Chris Latham and Wendy Moore were both found guilty of federal charges involving a murder-for-hire scheme targeting Latham's wife at the time, Nancy Cannon.
In February, a jury found Moore guilty of use of interstate commerce facilities in a commission of murder-for-hire, conspiracy to use interstate commerce facilities in a commission of a murder-for-hire, possessing a firearm in furtherance of a crime of violence and solicitation to commit murder-for-hire.
Latham was found guilty of use of interstate commerce facilities in a commission of murder-for-hire.
The plot to kill was foiled before any harm could come to Cannon when a co-defendant, Aaron Wilkinson, 40, of Louisville, Ky., confessed to police in April 2013.
Wilkinson told authorities Moore's ex-husband, Samuel Yenawine, whom he had known from their time in prison together, involved him to help in the plot to kill Cannon.

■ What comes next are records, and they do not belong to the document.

lemma exits_window_subset: "exits f (window f Y M) \<subseteq> Y"
proof
  fix z assume z: "z \<in> exits f (window f Y M)"
  then obtain u i where u: "u \<in> Y" "i \<le> M" "(f ^^ i) z = u"
    unfolding exits_def window_def by blast
  show "z \<in> Y"
  proof (cases i)
    case 0
    then show ?thesis using u by simp
  next
    case (Suc j)
    then have "(f ^^ j) (f z) = u" using u by (simp add: funpow_Suc_right del: funpow.simps)
    moreover have "j \<le> M" using u(2) Suc by simp
    ultimately have "f z \<in> window f Y M" using u(1) unfolding window_def by blast
    then show ?thesis using z unfolding exits_def by blast
  qed
qed

lemma exits_Un_closed: "closed_under f B \<Longrightarrow> exits f (A \<union> B) \<subseteq> exits f A"
  unfolding exits_def closed_under_def by blast

lemma finite_bounded_witnesses:
  assumes "finite E" "\<And>e. e \<in> E \<Longrightarrow> \<exists>i::nat. P e i"
  shows "\<exists>M. \<forall>e\<in>E. \<exists>i\<le>M. P e i"
  using assms
proof (induction E rule: finite_induct)
  case empty
  then show ?case by blast
next
  case (insert a E)
  then obtain M where M: "\<forall>e\<in>E. \<exists>i\<le>M. P e i" by blast
  obtain j where j: "P a j" using insert.prems by blast
  have "\<forall>e\<in>insert a E. \<exists>i\<le>max M j. P e i"
    using M j by (metis insert_iff max.cobounded1 max.cobounded2 order_trans)
  then show ?case by blast
qed

text \<open>Upper bound: choose on every infinite cycle meeting E a common descendant of its points
  in E; the window of these descendants, together with the finite cycles meeting E, contains E
  and has no other exits than the chosen descendants.\<close>

lemma exists_window_few_exits:
  assumes "inj f" "finite E"
  shows "\<exists>W. finite W \<and> E \<subseteq> W \<and> card (exits f W) \<le> card {S\<in>cycles_meeting f E. infinite S}"
proof -
  let ?I = "{S\<in>cycles_meeting f E. infinite S}"
  let ?F = "{S\<in>cycles_meeting f E. finite S}"
  have "\<exists>y\<in>S. \<forall>e\<in>S \<inter> E. \<exists>i. (f ^^ i) e = y" if "S \<in> ?I" for S
    using that assms(2) unfolding cycles_meeting_def
    by (intro cycle_common_descendant_finite) auto
  then obtain y where y: "\<And>S. S \<in> ?I \<Longrightarrow> \<forall>e\<in>S \<inter> E. \<exists>i. (f ^^ i) e = y S"
    by metis
  have "\<exists>i. (f ^^ i) e = y (cycle_of f e)" if "e \<in> E" "infinite (cycle_of f e)" for e
    using that y[of "cycle_of f e"] cycle_of_in_cycles_meeting[of e E f] mem_cycle_of[of e f] by blast
  then have "\<exists>M. \<forall>e\<in>{e\<in>E. infinite (cycle_of f e)}. \<exists>i\<le>M. (f ^^ i) e = y (cycle_of f e)"
    using assms(2) by (intro finite_bounded_witnesses) auto
  then obtain M where M: "\<And>e. e \<in> E \<Longrightarrow> infinite (cycle_of f e) \<Longrightarrow> \<exists>i\<le>M. (f ^^ i) e = y (cycle_of f e)"
    by blast
  define W where "W = window f (y ` ?I) M \<union> \<Union>?F"
  have fin_meeting: "finite (cycles_meeting f E)" using finite_cycles_meeting[OF assms(2)] .
  have "finite (\<Union>?F)" using fin_meeting by (intro finite_Union) auto
  then have "finite W" unfolding W_def using finite_window[OF assms(1)] fin_meeting by simp
  moreover have "E \<subseteq> W"
  proof
    fix e assume e: "e \<in> E"
    show "e \<in> W"
    proof (cases "finite (cycle_of f e)")
      case True
      then show ?thesis
        using cycle_of_in_cycles_meeting[OF e] mem_cycle_of[of e f] unfolding W_def by blast
    next
      case False
      then show ?thesis
        using M[OF e] cycle_of_in_cycles_meeting[OF e] unfolding W_def window_def by blast
    qed
  qed
  moreover have "card (exits f W) \<le> card ?I"
  proof -
    have "closed_under f (\<Union>?F)"
      using cycle_closed unfolding cycles_meeting_def by (intro closed_under_Union) auto
    then have "exits f W \<subseteq> exits f (window f (y ` ?I) M)"
      unfolding W_def by (rule exits_Un_closed)
    also have "\<dots> \<subseteq> y ` ?I" by (rule exits_window_subset)
    finally have "exits f W \<subseteq> y ` ?I" .
    then have "card (exits f W) \<le> card (y ` ?I)" using fin_meeting by (simp add: card_mono)
    also have "\<dots> \<le> card ?I" using fin_meeting by (simp add: card_image_le)
    finally show ?thesis .
  qed
  ultimately show ?thesis by blast
qed

section \<open>Forward cycles and initial points\<close>

text \<open>A forward cycle contains exactly one point without preimage, so forward cycles meeting
  E correspond to the points of the basin of E outside the range.\<close>

lemma forward_cycles_bij_initial_points:
  assumes "inj f"
  shows "bij_betw (cycle_of f) (basin f E - range f) {S\<in>cycles_meeting f E. is_fwd_cycle f S}"
  unfolding bij_betw_def
proof (intro conjI)
  show "inj_on (cycle_of f) (basin f E - range f)"
  proof (rule inj_onI)
    fix x x' assume x: "x \<in> basin f E - range f" and x': "x' \<in> basin f E - range f"
      and eq: "cycle_of f x = cycle_of f x'"
    have "cycle_of f x = range (\<lambda>n. (f ^^ n) x)"
      using cycle_of_initial_point[OF assms is_cycle_cycle_of mem_cycle_of] x by blast
    then obtain n where n: "x' = (f ^^ n) x" using eq mem_cycle_of[of x' f] by blast
    show "x = x'"
    proof (cases n)
      case 0
      then show ?thesis using n by simp
    next
      case (Suc m)
      then show ?thesis using n x' by auto
    qed
  qed
  show "cycle_of f ` (basin f E - range f) = {S\<in>cycles_meeting f E. is_fwd_cycle f S}"
  proof (intro equalityI subsetI)
    fix S assume "S \<in> cycle_of f ` (basin f E - range f)"
    then obtain x where x: "x \<in> basin f E - range f" and S: "S = cycle_of f x" by blast
    have "infinite S"
      using finite_cycle_subset_range[OF assms is_cycle_cycle_of, of x] mem_cycle_of[of x f] x S
      by blast
    then show "S \<in> {S\<in>cycles_meeting f E. is_fwd_cycle f S}"
      using x S is_cycle_cycle_of[of f x] mem_cycle_of[of x f]
      unfolding basin_def cycles_meeting_def is_fwd_cycle_def by blast
  next
    fix S assume S: "S \<in> {S\<in>cycles_meeting f E. is_fwd_cycle f S}"
    then obtain x where x: "x \<in> S" "x \<notin> range f" unfolding is_fwd_cycle_def by blast
    have "is_cycle f S" using S unfolding cycles_meeting_def by simp
    then have "S = cycle_of f x" using x(1) by (rule cycle_eq_cycle_of)
    then show "S \<in> cycle_of f ` (basin f E - range f)"
      using x S unfolding basin_def cycles_meeting_def by blast
  qed
qed

lemma card_forward_cycles_meeting:
  assumes "inj f"
  shows "card {S\<in>cycles_meeting f E. is_fwd_cycle f S} = card (basin f E - range f)"
  using bij_betw_same_card[OF forward_cycles_bij_initial_points[OF assms]] by simp


section \<open>Counting cycles\<close>

lemma cycle_class_split:
  assumes "\<And>S. P S \<Longrightarrow> is_cycle f S"
  shows "{S. P S} = {S. P S \<and> S \<inter> E = {}} \<union> {S\<in>cycles_meeting f E. P S}"
  using assms unfolding cycles_meeting_def by blast

lemma ecard_Un_eq:
  assumes "C \<inter> A = {}" "C \<inter> A' = {}" "finite A" "finite A'" "card A = card A'"
  shows "ecard (C \<union> A) = ecard (C \<union> A')"
proof (cases "finite C")
  case True
  then show ?thesis using assms by (simp add: ecard_def card_Un_disjoint)
next
  case False
  then show ?thesis by (simp add: ecard_def)
qed

lemma ecard_Un_neq_finite:
  assumes "finite A" "finite A'" "ecard (C \<union> A) \<noteq> ecard (C \<union> A')"
  shows "ecard (C \<union> A) \<noteq> \<infinity> \<and> ecard (C \<union> A') \<noteq> \<infinity>"
  using assms by (cases "finite C") (auto simp: ecard_def)

lemma ecard_bij_betw: "bij_betw \<phi> A B \<Longrightarrow> ecard A = ecard B"
  unfolding ecard_def by (simp add: bij_betw_finite bij_betw_same_card)

section \<open>Injective maps differing on a finite set\<close>

lemma closed_under_perturb:
  assumes "closed_under g S" "\<And>x. k x \<noteq> g x \<Longrightarrow> x \<notin> S \<and> k x \<notin> S"
  shows "closed_under k S"
  unfolding closed_under_def
proof
  fix x
  show "k x \<in> S \<longleftrightarrow> x \<in> S"
  proof (cases "k x = g x")
    case True
    then show ?thesis using assms(1) unfolding closed_under_def by simp
  next
    case False
    then show ?thesis using assms(2) by blast
  qed
qed

locale finite_perturbation =
  fixes g k :: "'a \<Rightarrow> 'a" and D E :: "'a set"
  assumes inj_g: "inj g" and inj_k: "inj k" and finite_E: "finite E"
    and perturbed_in_E: "D \<union> g ` D \<union> k ` D \<subseteq> E"
    and agree: "\<And>x. x \<notin> D \<Longrightarrow> k x = g x"
begin

lemma swap: "finite_perturbation k g D E"
  using inj_g inj_k finite_E perturbed_in_E agree by unfold_locales auto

Moore paid Yenawine and provided him a "hit package" that included photos of Latham's estranged wife and information on her whereabouts, according to authorities.
Wilkinson is now serving a four-year prison sentence for his role in the case.
Yenawine, 38, killed himself in his Georgetown County jail cell while awaiting trial.
Wendy Moore is taking her secrets with her to prison as she begins a 15-year sentence for her role in trying to carry out a murder-for-hire plot.
Moore, 38, declined to tell U.S. District Judge Richard Gergel why and how she became involved in the scheme to have her boyfriend and former boss Chris Latham's estranged wife killed last year.
Latham was a bank executive going through a contentious divorce with his wife, Nancy Cannon, a real estate agent and S.C. Education Lottery commissioner.
Moore, wearing a striped jail uniform and her blond hair grown longer than in her mug shot taken more than a year ago, spoke publicly for the first time during her sentencing hearing Wednesday in a downtown Charleston federal courtroom.
Family members spoke in support of Moore, who they portrayed as a good mother with a troubled past.
Moore's daughter, Samantha, 19, spoke of her mother as a provider who struggled to put herself though school in order to give her children a better life.
"I understand crime and punishment, but every day she's in jail we don't get to hug her," she said. "She's suffering a great deal, but we are, too." Moore spoke of the loss she's felt, including the time away from her children.
"I haven't touched or hugged my children in 485 days," Moore said. "I'm so sorry for the pain I have caused them."
Moore also spoke about her faith and the Bible sessions she's been leading in jail.
"There has been something that has come out of this," she told the judge.
Rhett DeHart, one of the assistant U.S. attorneys prosecuting the case, said it was a hard and sad case and they were pleased with the results.
Moore also will have to serve three years of supervised release following her sentence.
Her attorneys requested Moore be placed in a facility in Marianna, Fla.
Moore could have been sentenced to up to 30 years in prison.
Latham was sentenced Tuesday to 10 years in prison, the maximum penalty on his aiding and abetting conviction.
Gergel said it would not be fair to have a large disparity in Moore's and Latham's sentences, despite Moore being convicted of all four counts against her, while Latham was found guilty of one count.
During her tearful statement, Moore said she is praying for Cannon and her two daughters.
"I'm sorry they've felt discomfort in the last year," Moore told the court. "I wish I could take those feelings away from you."
Cannon called those sentiments hollow during her statement to the judge.
She said Moore had the opportunity to ease some of her pain by revealing the secrets buried deep between Moore and Latham, who were romantically involved during the scheme.
"If she wants to take away my pain, tell me why," Cannon said. "Tell me all the things you are tiptoeing around. She's not willing to do that."
During the hearing, Gergel asked Moore's attorney, David Aylor, to reveal the mastermind of the plan if, as he contended, Moore was not the leader.
"I'm fully confident there's more to the story all of us have heard," Gergel said to Aylor. "I'm all ears."
Aylor said he could not answer those questions and could only refer to what has already been said in trial about the case.
"I wish I was in a different position to present more," Aylor told the judge.
Following Wednesday's hearing, Aylor said there are appellate issues at stake that prevented him from providing any new details about the case during sentencing.
When asked what appellate issues there are in the case, Aylor declined to comment.
"There are still so many unanswered questions," Cannon said following the hearing.
While some insight may have provided some comfort to Cannon, she said she still has hope in finding out how and why a woman she'd never met wanted her dead.